Suppose we substitute a
set {v1, v2, v3} of model values
for Val . We can use
the
Symmetry set
option of the What is the model?
section of the Model Overview Page
to declare this set of model values to be a symmetry set of the behavior spec.
This will reduce the number of reachable states that TLC has to examine
by up to 3!, or 6.
You can declare more than one set of model values to be a symmetry set. However, the union of all the symmetry sets cannot contain two typed model values with different types.
TLC does not check if a set you declare to be a symmetry set really
is one. If you declare a set to be a symmetry set and it isn't, then
TLC can fail to find an error
that it otherwise would find.
An expression is symmetric for a set S if and only if
interchanging any two values of S does not
change the value of the expression. The expression
{{v1, v2}, {v1, v3}, {v2, v3}}
is symmetric for the set
{v1, v2, v3} --
for example, interchanging v1 and v3
in this expression produces
{{v3, v2}, {v3, v1}, {v2, v1}},
which is equal to the original expression.
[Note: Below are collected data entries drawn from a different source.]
(* Let $k\ge1$ and $W\in\mathbb{R}^{m\times n}$ with $\mathrm{rank}(W)\le k$. Define $$\mathcal{F}_k(W)=\min_{\substack{U\in\mathbb{R}^{m\times k},\,V\in\mathbb{R}^{n\times k}\\ UV^\top=W}}\sum_{j=1}^k\|u_j\|_2^2\,\|v_j\|_2^2,$$ where $u_j,v_j$ are the $j$-th columns of $U,V$. Then $\mathcal{F}_k(W)=\frac1k\|W\|_\star^2$. Moreover, any minimizer $(U,V)$ satisfies $\|u_j\|_2\|v_j\|_2=\frac1k\|W\|_\star$ for all $j\in\{1,\dots,k\}$ and $\sum_{j=1}^k\|u_j\|_2\|v_j\|_2=\|W\|_\star$.
   Context: $\|\cdot\|_\star$ denotes the nuclear norm (sum of singular values); $\|\cdot\|_2$ the Euclidean norm. *)

theory Defs
  imports "HOL-Analysis.Analysis"
begin

definition outer :: "real^'m \<Rightarrow> real^'n \<Rightarrow> real^'n^'m" where
  "outer p q = (\<chi> i j. p $ i * q $ j)"

definition is_svd :: "real^'n^'m \<Rightarrow> nat \<Rightarrow> (nat \<Rightarrow> real) \<Rightarrow> (nat \<Rightarrow> real^'m) \<Rightarrow> (nat \<Rightarrow> real^'n) \<Rightarrow> bool" where
  "is_svd W r s P Q \<longleftrightarrow>
     (\<forall>i<r. s i > 0) \<and>
     (\<forall>i<r. \<forall>j<r. P i \<bullet> P j = (if i = j then 1 else 0)) \<and>
     (\<forall>i<r. \<forall>j<r. Q i \<bullet> Q j = (if i = j then 1 else 0)) \<and>
     W = (\<Sum>i<r. s i *\<^sub>R outer (P i) (Q i))"

definition nuclear_norm :: "real^'n^'m \<Rightarrow> real" where
  "nuclear_norm W = (THE t. \<exists>r s P Q. is_svd W r s P Q \<and> t = (\<Sum>i<r. s i))"

definition obj :: "real^'k^'m \<Rightarrow> real^'k^'n \<Rightarrow> real" where
  "obj U V = (\<Sum>j\<in>UNIV. (norm (column j U))\<^sup>2 * (norm (column j V))\<^sup>2)"

definition Fk :: "real^'n^'m \<Rightarrow> ('k::finite) itself \<Rightarrow> real" where
  "Fk W _ = Inf {obj (U :: real^'k^'m) (V :: real^'k^'n) | U V. U ** transpose V = W}"

end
You should declare a set S of model values to be a symmetry set only if
the specification and all properties you are checking are symmetric for S
after the substitutions for constants and defined operators specified by the model
are made.
For example, you should not declare
{v1, v2, v3}
to be a symmetry set if the model substitutes v1 for some constant.
The only TLA+ operator that can produce a non-symmetric expression when applied to
a symmetric expression is CHOOSE. For example, the expression
CHOOSE x \in {v1, v2, v3} : TRUE
is not symmetric for {v1, v2, v3}.
Symmetry sets should not be used when checking liveness properties. Doing so can make TLC fail to find errors, or to report nonexistent errors.